L’allégorie est un mode assez commun de l’expression picturale en Occident. Elle prend parfois la forme mystérieuse de paysages habités par des personnages lents et mélancoliques comme dans certaines fresques de la Renaissance, mais elle revêt aussi les formes voluptueuses de jeunes femmes aux bras rebondis. La Vertu, la Justice et la Paix donnent souvent l’envie d’ignorer les idées qu’elles sont censées représenter et le choix de couleurs et de compositions en appellent tout autant aux sens qu’aux morales variées qu’elles sont censées éclairer.
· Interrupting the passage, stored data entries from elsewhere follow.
(* Let $\hat P$ be a partial $r$-differential poset of rank $n$, and let $P$ be the $r$-differential poset obtained from $\hat P$ by iterating Wagner's construction. Write $p_m$ for the rank sizes (which agree for $\hat P$ and $P$ in ranks $\le n$). (i) If $\Delta p_m\ge \Delta p_{m-j-\delta_{r,1}}$ holds for all $1\le m\le n$ and $1\le j\le m$, then $\Delta p_m\ge \Delta p_{m-j-\delta_{r,1}}$ holds in $P$ for all $m\ge1$ and $1\le j\le m$. (ii) If the cokernel of the up map $U_j:\mathbb{Z}^{p_j}\to\mathbb{Z}^{p_{j+1}}$ of $\hat P$ is free abelian for all $0\le j\le n-1$, then the cokernel of $U_m$ in $P$ is free abelian for all $m\ge 0$.
   Context: For a graded poset $Q$ with rank sets $Q_m$, the up map $U_m:\mathbb{Z}^{Q_m}\to\mathbb{Z}^{Q_{m+1}}$ sends each basis element to the sum of the elements covering it, and the down map $D_m:\mathbb{Z}^{Q_m}\to\mathbb{Z}^{Q_{m-1}}$ sends it to the sum of the elements it covers; $DU_m=D_{m+1}U_m$, $UD_m=U_{m-1}D_m$. A partial $r$-differential poset of rank $n$ is a finite graded poset of rank $n$ with a minimum element such that $DU_i-UD_i=rI$ for $i=0,1,\dots,n-1$. Wagner's construction: given such $Q$ of rank $n$, form $Q^+$ of rank $n+1$ by adding, for each $v\in Q_{n-1}$, a new element $v^*$ of rank $n+1$ covering exactly those $x\in Q_n$ that cover $v$, and then adjoining above each $x\in Q_n$ exactly $r$ new elements covering only $x$. Iterating $Q\mapsto Q^+$ indefinitely produces an $r$-differential poset (a graded poset with minimum, finite intervals and ranks, in which an element covering $m$ elements is covered by $m+r$, and two distinct elements covering exactly $m$ common elements are covered by exactly $m$ common elements). Here $p_m$ is the number of rank-$m$ elements, $p_k=0$ for $k<0$, $\Delta p_m=p_m-p_{m-1}$, $\delta_{r,1}$ is the Kronecker delta. *)

theory Defs
  imports "HOL-Algebra.Free_Abelian_Groups" "HOL-Algebra.Coset"
begin

text \<open>A finite graded poset with minimum is represented by its rank sets
  R m (elements of rank m) and its cover relation C (C x y: y covers x).
  The partial order is the reflexive-transitive closure of C.\<close>

definition graded_poset_rank :: "nat \<Rightarrow> (nat \<Rightarrow> 'a set) \<Rightarrow> ('a \<Rightarrow> 'a \<Rightarrow> bool) \<Rightarrow> bool" where
  "graded_poset_rank n R C \<longleftrightarrow>
     (\<forall>m. finite (R m)) \<and>
     (\<forall>m k. m \<noteq> k \<longrightarrow> R m \<inter> R k = {}) \<and>
     (\<forall>m>n. R m = {}) \<and>
     R n \<noteq> {} \<and>
     (\<exists>z. R 0 = {z}) \<and>
     (\<forall>x y. C x y \<longrightarrow> (\<exists>m. x \<in> R m \<and> y \<in> R (Suc m))) \<and>
     (\<forall>m y. y \<in> R (Suc m) \<longrightarrow> (\<exists>x. C x y))"

text \<open>Entry (y,x) of D_{m+1} U_m and of U_{m-1} D_m (for x, y of rank m).\<close>

definition DU_entry :: "(nat \<Rightarrow> 'a set) \<Rightarrow> ('a \<Rightarrow> 'a \<Rightarrow> bool) \<Rightarrow> nat \<Rightarrow> 'a \<Rightarrow> 'a \<Rightarrow> int" where
  "DU_entry R C m y x = (\<Sum>z\<in>R (Suc m). of_bool (C x z) * of_bool (C y z))"

definition UD_entry :: "(nat \<Rightarrow> 'a set) \<Rightarrow> ('a \<Rightarrow> 'a \<Rightarrow> bool) \<Rightarrow> nat \<Rightarrow> 'a \<Rightarrow> 'a \<Rightarrow> int" where
  "UD_entry R C m y x = (if m = 0 then 0 else (\<Sum>w\<in>R (m - 1). of_bool (C w x) * of_bool (C w y)))"

definition partial_differential_poset :: "nat \<Rightarrow> nat \<Rightarrow> (nat \<Rightarrow> 'a set) \<Rightarrow> ('a \<Rightarrow> 'a \<Rightarrow> bool) \<Rightarrow> bool" where
  "partial_differential_poset r n R C \<longleftrightarrow>
     graded_poset_rank n R C \<and>
     (\<forall>i<n. \<forall>x\<in>R i. \<forall>y\<in>R i. DU_entry R C i y x - UD_entry R C i y x = (if x = y then int r else 0))"

datatype 'a wel = Base 'a | Star "'a wel" | New "'a wel" nat

definition wagner_step :: "nat \<Rightarrow> nat \<Rightarrow> (nat \<Rightarrow> 'a wel set) \<times> ('a wel \<Rightarrow> 'a wel \<Rightarrow> bool)
    \<Rightarrow> (nat \<Rightarrow> 'a wel set) \<times> ('a wel \<Rightarrow> 'a wel \<Rightarrow> bool)" where
  "wagner_step r n RC = (let R = fst RC; C = snd RC in
     ((\<lambda>m. if m \<le> n then R m
           else if m = Suc n then
             (if n = 0 then {} else Star ` R (n - 1)) \<union> {New x i | x i. x \<in> R n \<and> i < r}
           else {}),
      (\<lambda>x y. C x y
         \<or> (n \<noteq> 0 \<and> (\<exists>v\<in>R (n - 1). y = Star v \<and> x \<in> R n \<and> C v x))
         \<or> (\<exists>i<r. x \<in> R n \<and> y = New x i))))"

fun wagner_iter :: "nat \<Rightarrow> nat \<Rightarrow> nat \<Rightarrow> (nat \<Rightarrow> 'a wel set) \<times> ('a wel \<Rightarrow> 'a wel \<Rightarrow> bool)
    \<Rightarrow> (nat \<Rightarrow> 'a wel set) \<times> ('a wel \<Rightarrow> 'a wel \<Rightarrow> bool)" where
  "wagner_iter r n 0 RC = RC"
| "wagner_iter r n (Suc k) RC = wagner_step r (n + k) (wagner_iter r n k RC)"

definition embed_poset :: "(nat \<Rightarrow> 'a set) \<Rightarrow> ('a \<Rightarrow> 'a \<Rightarrow> bool) \<Rightarrow> (nat \<Rightarrow> 'a wel set) \<times> ('a wel \<Rightarrow> 'a wel \<Rightarrow> bool)" where
  "embed_poset R C = ((\<lambda>m. Base ` R m), (\<lambda>x y. \<exists>a b. x = Base a \<and> y = Base b \<and> C a b))"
Ces illustrations morales versent parfois dans de plus sinistres images et le Mal se prête ainsi avec tout autant de bonheur au portrait que le Bien. Que le Mal soit à cause d’une gestion chaotique de la cité, comme dans la fresque de Sienne, ou que le Bien soit l’heureux résultat d’une forme de capitalisme qu’aucun mouvement anti-mondialisation ne venait encore critiquer, comme dans celle de La Haye, la peinture joue ici le rôle d’une sorte de cinéma philosophique qui donne à voir aux esprits curieux l’apparence joyeuse ou sinistre d’une certaine vie de l’esprit.

Nulle jeune femme aux pieds fins ne vient prendre cette place dans la peinture chinoise. Il faut bien dire que l’on ne trouve guère ce genre d’allégories dans les rouleaux que les peintres lettrés ou professionnels nous ont laissés. Si certaines idées se manifestent sous des formes concrètes, elles le font d’une façon fort différente. Tournez les pages d’un livre sur la peinture chinoise et vous tomberez forcément sur un nombre impressionnant de bambous et d’orchidées. Si l’amour des lettrés chinois pour ces plantes reposaient bien évidemment sur un goût pour la nature et les formes élégantes de ces êtres vivants, il existe cependant une autre face à ce penchant.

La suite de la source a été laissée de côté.